I am often asked by parents whether or not they should give their kids an allowance. Their hope is that this will encourage money management and positive spending habits in their kids. But as every parent knows, the "A" is a loaded question.
When asked, I always try to understand the logic behind the parent's approach to allowance, as the decision is so dependent on the dynamic and financial habits of the family.
Here, I have shown the example of three kids who are in our classes and the approaches their parents have taken. Each of these approaches have their own pros and cons and inculcate a different aspect of money management.
Kayla (age 14) and the Get Allowance and be told How to Spend it: Kayla like all 14 year olds has a wonderful mind of her own. When her parents finally agreed to give her allowance it was under strict conditions on spending and effort needed. Her $60/week allowance has to be equally divided between 3 jars. One for spending, one for charity and one for savings. In return she had to help do the laundry and clean her room.
From every option presented, I think this is the absolute worst way to do it. By forcing your child to divide money you are not teaching them any financial management. Her parents have actually set an example which will impact her for life where she is always dependent on others to tell her how to spend her money. We see this over and over again in our classes. And while their idea of putting $20 towards charity is a noble one, let's get real - which adult do you know that gives 30% of their earnings to charity?

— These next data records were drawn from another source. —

theorem proposition2p2:
  fixes \<Omega> :: "(real ^ 'd) set" and K :: "real ^ 'd \<Rightarrow> real ^ 'd \<Rightarrow> real"
    and lam :: real and n :: nat and x :: "nat \<Rightarrow> real ^ 'd"
    and L \<beta> :: "nat \<Rightarrow> nat \<Rightarrow> real" and f :: "real ^ 'd \<Rightarrow> real"
    and v v\<^sub>l :: "nat \<Rightarrow> real ^ 'd \<Rightarrow> real"
  assumes K: "pos_def_kernel \<Omega> K"
    and lam: "lam > 0"
    and n: "n \<ge> 1"
    and xin: "x ` {1..n} \<subseteq> \<Omega>"
    and xdist: "inj_on x {1..n}"
    and L_lower: "\<forall>i\<in>{1..n}. \<forall>j\<in>{1..n}. i < j \<longrightarrow> L i j = 0"
    and L_diag: "\<forall>i\<in>{1..n}. L i i > 0"
    and chol: "\<forall>i\<in>{1..n}. \<forall>j\<in>{1..n}.
                 (\<Sum>l=1..n. L i l * L j l) = K (x i) (x j) + (if i = j then lam else 0)"
    and beta: "\<forall>i\<in>{1..n}. \<forall>j\<in>{1..n}.
                 (\<Sum>l=1..n. L l i * \<beta> l j) = (if i = j then 1 else 0)"
    and vl_def: "\<forall>k. v\<^sub>l k = (\<lambda>z. \<Sum>j=1..n. \<beta> j k * Klam K lam z (x j))"
    and v_def: "\<forall>k. v k = (\<lambda>z. \<Sum>j=1..n. \<beta> j k * K z (x j))"
    and f: "f \<in> native_space \<Omega> (Klam K lam)"
  shows "(\<forall>z\<in>\<Omega>. reg_interp K lam x n f z
            = (\<Sum>k=1..n. native_inner \<Omega> (Klam K lam) f (v\<^sub>l k) * v k z)
          \<and> reg_interp K lam x n f z
            = reg_interp K lam x (n - 1) f z + native_inner \<Omega> (Klam K lam) f (v\<^sub>l n) * v n z)
       \<and> (f \<in> native_space \<Omega> K \<longrightarrow>
            (\<forall>k\<in>{1..n}. native_inner \<Omega> K f (v k) = native_inner \<Omega> (Klam K lam) f (v\<^sub>l k))
          \<and> (\<forall>z\<in>\<Omega>. reg_interp K lam x n f z = (\<Sum>k=1..n. native_inner \<Omega> K f (v k) * v k z)
              \<and> reg_interp K lam x n f z
                = reg_interp K lam x (n - 1) f z + native_inner \<Omega> K f (v n) * v n z))"
proof -
  obtain m where m: "n = Suc m"
    using n by (cases n) auto
  define \<gamma> where "\<gamma> k = (\<Sum>j=1..n. \<beta> j k * f (x j))" for k
  have inner_lam: "native_inner \<Omega> (Klam K lam) f (v\<^sub>l k) = \<gamma> k" for k
    using native_inner_kernel_sum[OF pos_def_kernel_Klam[OF K] f _ xdist xin] lam vl_def
    by (simp add: \<gamma>_def)
  have inner: "native_inner \<Omega> K f (v k) = \<gamma> k" if "f \<in> native_space \<Omega> K" for k
    using native_inner_kernel_sum[OF K that _ xdist xin] v_def by (simp add: \<gamma>_def)
  have interp: "reg_interp K lam x n f z = (\<Sum>k=1..n. \<gamma> k * v k z)" for z
    using reg_interp_Cholesky[OF K lam xdist xin chol beta] v_def by (simp add: \<gamma>_def)
  have "L n n \<noteq> 0"
    using L_diag[rule_format, of n] n by simp
  then have "reg_interp K lam x (n - 1) f z = (\<Sum>k=1..m. \<gamma> k * v k z)" for z
    using reg_interp_leading_block[OF K lam, of x m L \<beta>] xdist xin L_lower chol beta v_def
    unfolding m by (simp add: \<gamma>_def m del: sum.cl_ivl_Suc)
  then have step: "reg_interp K lam x n f z = reg_interp K lam x (n - 1) f z + \<gamma> n * v n z" for z
    using interp by (simp add: m)
  show ?thesis
    using interp step inner_lam inner by simp
qed

end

By rewarding her for cleaning her own room and doing her own laundry they are dismissing one of the most basic tenants of money management. You get money for the added value you bring. Cleaning up a mess you made, is not added value it is an expectation for life.
These actions set up a certain expectation and behavior platform that impacts the future. When a child raised in this environment grows up, their expectations of life in the workplace is different. In real life, you do not get paid for cleaning up the mess you made, in fact, it's fair to say that if you don't clean it up you will get fired.
Henry (age 13) and the Allowance just for Being There. Henry's parents give him $40/week. He is not expected to do any work for it, he does not have to spend it in a certain way, he has full autonomy in how he spends it as long as he does not ask for more money.
By giving Henry full independence, his parents are hoping he will learn valuable money lessons by making mistakes. It is fair to say that this hands off approach does put him in full control of money and he has learnt pretty fast how to manage his money to buy him lunch, candy and pay for add-ons on games he plays.
However, where this approach goes all wrong, is when they give money for no reason. By giving him money for simply being there, they are missing a valuable lesson in Henry's financial foundation, in that there is a causal relationship between how much you earn and how hard you work. There is no free money in real life. I have seen this over and over again where a child demands a better grade with no extra work put in, or a team worker demands a raise with no real extra effort put into the work.
Selina (age 14) and No Allowance -Ask for What you Want. This is a common third example I see often. Selina gets no allowance, but if she needs money, she asks her parents and justifies it. Like every example above, this also has pros and cons. By not giving free money, her parents have not put her on a path of expectations that she has a right to free money. By justifying the need for her expenses she is constantly having to sell her ideas and in a way this does give her an ability to better negotiate things in the real world. However, it also limits her because she is never in control of her money and will likely not help her down the line when she has to make real decisions on money.
So, what is a parent to do?
I can only share what my husband and I have chosen to do in our home. This is may not be a good approach for everyone and as I said earlier, each family needs to have their own decision when it comes to allowance and finances in a family.
Chez Nous, we have opted for a model where my daughter works and earns her money. She comes to our shop (not every one has the benefit of having a start up in constant need of cheap labor!) and works and gets paid minimum wages. She is then able to spend this money as she wants, but it needs to last her for all her extra expenses. So far, it has been working and it is teaching her that there is work involved in money. She is often broke at the end of the month and learns by herself how to spend her money. It's fair to say, that the Peach Tea Latte at Starbucks has been axed.
Like everything else regarding money, discussions on allowance in a family need to be made taking into account the dynamics of the entire family.
Teaching kids about Financial Literacy and Money Management is the single most important contribution a parent has towards their success.